text \<open>Taking \<sigma> = -1 gives the comparison of v with strict subsolutions.\<close>

lemma heat_solution_scaled_lt_supersolution:
  fixes v w :: "real \<Rightarrow> real^'n::{finite,linorder}^'n::{finite,linorder} \<Rightarrow> real"
  assumes hs: "heat_solution_On phi v"
    and cont: "continuous_on ({0..T} \<times> {x. orthogonal_matrix x}) (\<lambda>(t,x). w t x)"
    and init: "\<And>x. orthogonal_matrix x \<Longrightarrow> \<sigma> * phi x < w 0 x"
    and w_second: "\<And>t x i j. 0 < t \<Longrightarrow> t \<le> T \<Longrightarrow> orthogonal_matrix x \<Longrightarrow> i < j \<Longrightarrow>
        has_second_deriv_at_0 (\<lambda>r. w t (x ** rot_exp i j r)) (w_xx t x i j)"
    and w_time: "\<And>t x. 0 < t \<Longrightarrow> t \<le> T \<Longrightarrow> orthogonal_matrix x \<Longrightarrow>
        ((\<lambda>s. w s x) has_real_derivative w_t t x) (at t)"
    and super: "\<And>t x. 0 < t \<Longrightarrow> t \<le> T \<Longrightarrow> orthogonal_matrix x \<Longrightarrow>
        (1/2) * (\<Sum>(i,j)\<in>{(i,j). i < j}. w_xx t x i j) < w_t t x"
    and t: "0 \<le> t" "t \<le> T" and x: "orthogonal_matrix x"
  shows "\<sigma> * v t x < w t x"
proof -
  have "\<sigma> * v t x - w t x < 0"
  proof (rule parabolic_max_principle[OF compact_orthogonal_matrices, where z = "\<lambda>t x. \<sigma> * v t x - w t x"])
    have "continuous_on ({0..} \<times> {x. orthogonal_matrix x}) (\<lambda>(t,x). v t x)"
      using hs unfolding heat_solution_On_def by blast
    then have "continuous_on ({0..T} \<times> {x. orthogonal_matrix x}) (\<lambda>(t,x). v t x)"
      by (rule continuous_on_subset) auto
    then have "continuous_on ({0..T} \<times> {x. orthogonal_matrix x})
        (\<lambda>p. \<sigma> * (\<lambda>(t,x). v t x) p - (\<lambda>(t,x). w t x) p)"
      by (intro continuous_on_diff continuous_on_mult_left cont)
    then show "continuous_on ({0..T} \<times> {x. orthogonal_matrix x}) (\<lambda>(t,x). \<sigma> * v t x - w t x)"
      by (simp add: case_prod_beta')
    show "\<sigma> * v 0 y - w 0 y < 0" if "y \<in> {x. orthogonal_matrix x}" for y
      using hs init that unfolding heat_solution_On_def by force
  next
    fix s y
    assume s: "0 < s" "s \<le> T" and y: "y \<in> {x. orthogonal_matrix x}"
      and max: "\<forall>y'\<in>{x. orthogonal_matrix x}. \<sigma> * v s y' - w s y' \<le> \<sigma> * v s y - w s y"
    have "\<sigma> * lie_X i j (lie_X i j (v s)) y \<le> w_xx s y i j" if "(i,j) \<in> {(i,j). i < j}" for i j
      using that s y max
      by (intro lie_X2_scaled_le_of_max[OF hs _ _ _ w_second]) auto
    then have "(1/2) * (\<Sum>(i,j)\<in>{(i,j). i < j}. \<sigma> * lie_X i j (lie_X i j (v s)) y)
        \<le> (1/2) * (\<Sum>(i,j)\<in>{(i,j). i < j}. w_xx s y i j)"
      by (intro mult_left_mono sum_mono) auto
    moreover have "\<sigma> * laplacian_On (v s) y = (1/2) * (\<Sum>(i,j)\<in>{(i,j). i < j}. \<sigma> * lie_X i j (lie_X i j (v s)) y)"
      unfolding laplacian_On_def by (simp add: sum_distrib_left case_prod_unfold mult.left_commute)
    ultimately have "\<sigma> * laplacian_On (v s) y \<le> (1/2) * (\<Sum>(i,j)\<in>{(i,j). i < j}. w_xx s y i j)"
      by simp
    also have "\<dots> < w_t s y" using super s y by simp
    finally have neg: "\<sigma> * laplacian_On (v s) y - w_t s y < 0" by simp
    have "((\<lambda>r. v r y) has_real_derivative laplacian_On (v s) y) (at s)"
      using hs s y unfolding heat_solution_On_def by blast
    then have "((\<lambda>r. \<sigma> * v r y - w r y) has_real_derivative \<sigma> * laplacian_On (v s) y - w_t s y) (at s)"
      using w_time s y by (auto intro!: derivative_intros DERIV_cmult)
    with neg show "\<exists>D. ((\<lambda>r. \<sigma> * v r y - w r y) has_real_derivative D) (at s) \<and> D < 0"
      by blast
  qed (use t x in auto)
  then show ?thesis by simp
qed

lemma heat_flow_trace_dev_sq_expansion:
  fixes A x :: "real^'n::{finite,linorder}^'n::{finite,linorder}"
  assumes hs: "heat_solution_On (trace_dev_sq A c) v"
    and c: "\<bar>c\<bar> \<le> real CARD('n) * entry_abs_sum A"
    and t: "0 \<le> t" "t \<le> 1" and x: "orthogonal_matrix x"
  shows "\<bar>v t x - (trace_dev_sq A c x + t * trace_dev_sq_lap A c x)\<bar> \<le> trace_dev_sq_lap2_bound A * t^2"
proof -
  define C where "C = trace_dev_sq_lap2_bound A"
  define F where "F s y = trace_dev_sq A c y + s * trace_dev_sq_lap A c y" for s y
  define lap2_terms where "lap2_terms y i j = (1/2) * (\<Sum>(p,q)\<in>{(p,q). p < q}.
      trace_dev_sq_X2_dd c (A ** y) (mul_rot_gen (A ** y) i j) (mul_rot_gen_sq (A ** y) i j) p q)" for y i j
  have C: "C \<ge> 0" unfolding C_def trace_dev_sq_lap2_bound_def by simp
  have strict: "\<sigma> * v t x < \<sigma> * F t x + C * t^2 + e * (1 + t)" if \<sigma>: "\<bar>\<sigma>\<bar> = 1" and e: "e > 0" for \<sigma> e
  proof (rule heat_solution_scaled_lt_supersolution[OF hs,
        where T = 1 and w = "\<lambda>s y. \<sigma> * F s y + C * s^2 + e * (1 + s)"
        and w_xx = "\<lambda>s y i j. \<sigma> * (trace_dev_sq_X2 c (A ** y) i j + s * lap2_terms y i j)"
        and w_t = "\<lambda>s y. \<sigma> * trace_dev_sq_lap A c y + C * (2 * s) + e"])
    show "continuous_on ({0..1} \<times> {x. orthogonal_matrix x}) (\<lambda>(s,y). \<sigma> * F s y + C * s^2 + e * (1 + s))"
      unfolding F_def case_prod_beta' by (auto intro!: continuous_intros)
    show "\<sigma> * trace_dev_sq A c y < \<sigma> * F 0 y + C * 0^2 + e * (1 + 0)" for y
      using e by (simp add: F_def)
    show "has_second_deriv_at_0 (\<lambda>r. \<sigma> * F s (y ** rot_exp i j r) + C * s^2 + e * (1 + s))
        (\<sigma> * (trace_dev_sq_X2 c (A ** y) i j + s * lap2_terms y i j))" if "i < j" for s y i j
    proof -
      have "i \<noteq> j" using that by simp
      then have "has_second_deriv_at_0 (\<lambda>r. \<sigma> * F s (y ** rot_exp i j r))
          (\<sigma> * (trace_dev_sq_X2 c (A ** y) i j + s * lap2_terms y i j))"
        unfolding F_def lap2_terms_def
        by (intro has_second_deriv_at_0_cmult has_second_deriv_at_0_add
            has_second_deriv_at_0_trace_dev_sq has_second_deriv_at_0_trace_dev_sq_lap)
      from has_second_deriv_at_0_add[OF this has_second_deriv_at_0_const] show ?thesis
        by (rule has_second_deriv_at_0_cong) simp_all
    qed
    show "((\<lambda>s. \<sigma> * F s y + C * s^2 + e * (1 + s)) has_real_derivative
        \<sigma> * trace_dev_sq_lap A c y + C * (2 * s) + e) (at s)" for s y
      unfolding F_def by (auto intro!: derivative_eq_intros)
    show "(1/2) * (\<Sum>(i,j)\<in>{(i,j). i < j}. \<sigma> * (trace_dev_sq_X2 c (A ** y) i j + s * lap2_terms y i j))
        < \<sigma> * trace_dev_sq_lap A c y + C * (2 * s) + e"
      if s: "0 < s" "s \<le> 1" and y: "orthogonal_matrix y" for s y
    proof -
      have "(1/2) * (\<Sum>(i,j)\<in>{(i,j). i < j}. \<sigma> * (trace_dev_sq_X2 c (A ** y) i j + s * lap2_terms y i j))
          = \<sigma> * trace_dev_sq_lap A c y + s * (\<sigma> * trace_dev_sq_lap2 A c y)"
        unfolding trace_dev_sq_lap_def trace_dev_sq_lap2_def lap2_terms_def
        by (simp add: sum.distrib sum_distrib_left case_prod_beta' algebra_simps)
      moreover have "\<sigma> * trace_dev_sq_lap2 A c y \<le> C"
        using abs_trace_dev_sq_lap2_le[OF y c] \<sigma> abs_le_D1[of "\<sigma> * trace_dev_sq_lap2 A c y"]
        by (simp add: abs_mult C_def)
      then have "s * (\<sigma> * trace_dev_sq_lap2 A c y) \<le> s * C"
        using s by (intro mult_left_mono) auto
      moreover have "s * C \<le> C * (2 * s)" using s C by simp
      ultimately show ?thesis using e by linarith
    qed
  qed (use t x in auto)
  have "\<bar>v t x - F t x\<bar> \<le> C * t^2 + e" if e: "e > 0" for e
  proof -
    have "e / (1 + t) > 0" "e / (1 + t) * (1 + t) = e" using e t by auto
    then show ?thesis
      using strict[of 1 "e / (1 + t)"] strict[of "-1" "e / (1 + t)"] by (simp add: abs_le_iff)
  qed
  then show ?thesis
    unfolding C_def F_def by (rule field_le_epsilon) simp
qed

theorem mainTheorem6:
  fixes A :: "real^'n::{finite,linorder}^'n::{finite,linorder}"
    and u :: "real^'n::{finite,linorder}^'n::{finite,linorder} \<Rightarrow> real \<Rightarrow> real^'n::{finite,linorder}^'n::{finite,linorder} \<Rightarrow> real"
  assumes "CARD('n) \<ge> 2"
    and "trace (A ** transpose A) = real CARD('n)"
    and "\<And>Q. orthogonal_matrix Q \<Longrightarrow>
           heat_solution_On (\<lambda>y. (trace (A ** y) - trace (A ** Q))^2) (u Q)"
  shows "\<exists>C. \<forall>\<^sub>F t in at_right 0. \<forall>Q. orthogonal_matrix Q \<longrightarrow>
           \<bar>u Q t Q - t * (real CARD('n) - trace ((A ** Q) ** (A ** Q)))\<bar> \<le> C * t^2"
proof (intro exI[of _ "trace_dev_sq_lap2_bound A"])
  have "\<bar>u Q t Q - t * (real CARD('n) - trace ((A ** Q) ** (A ** Q)))\<bar> \<le> trace_dev_sq_lap2_bound A * t^2"
    if t: "0 < t" "t < 1" and Q: "orthogonal_matrix Q" for t Q
  proof -
    define c where "c = trace (A ** Q)"
    have "heat_solution_On (trace_dev_sq A c) (u Q)"
      unfolding trace_dev_sq_def[abs_def] c_def using assms(3)[OF Q] .
    moreover have "\<bar>c\<bar> \<le> real CARD('n) * entry_abs_sum A"
      unfolding c_def by (rule abs_trace_le[OF abs_matrix_mul_orthogonal_entry_le[OF Q]])
    ultimately have "\<bar>u Q t Q - (trace_dev_sq A c Q + t * trace_dev_sq_lap A c Q)\<bar>
        \<le> trace_dev_sq_lap2_bound A * t^2"
      using t Q by (intro heat_flow_trace_dev_sq_expansion) auto
    moreover have "trace_dev_sq A c Q = 0" by (simp add: trace_dev_sq_def c_def)
    moreover have "trace_dev_sq_lap A c Q = real CARD('n) - trace ((A ** Q) ** (A ** Q))"
      unfolding c_def trace_dev_sq_lap_at_center[OF Q] assms(2) ..
    ultimately show ?thesis by simp
  qed
  then show "\<forall>\<^sub>F t in at_right 0. \<forall>Q. orthogonal_matrix Q \<longrightarrow>
           \<bar>u Q t Q - t * (real CARD('n) - trace ((A ** Q) ** (A ** Q)))\<bar> \<le> trace_dev_sq_lap2_bound A * t^2"
    unfolding eventually_at_right_field by (intro exI[of _ 1]) auto
qed

end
_ _ _ _ _
Problem statement: Each of the lines from the one that contains "ultimately show ?thesis by simp" through the last line of the data needs to be repeated exactly, with no others.

Answer section:
    ultimately show ?thesis by simp
  qed
  then show "\<forall>\<^sub>F t in at_right 0. \<forall>Q. orthogonal_matrix Q \<longrightarrow>
           \<bar>u Q t Q - t * (real CARD('n) - trace ((A ** Q) ** (A ** Q)))\<bar> \<le> trace_dev_sq_lap2_bound A * t^2"
    unfolding eventually_at_right_field by (intro exI[of _ 1]) auto
qed

end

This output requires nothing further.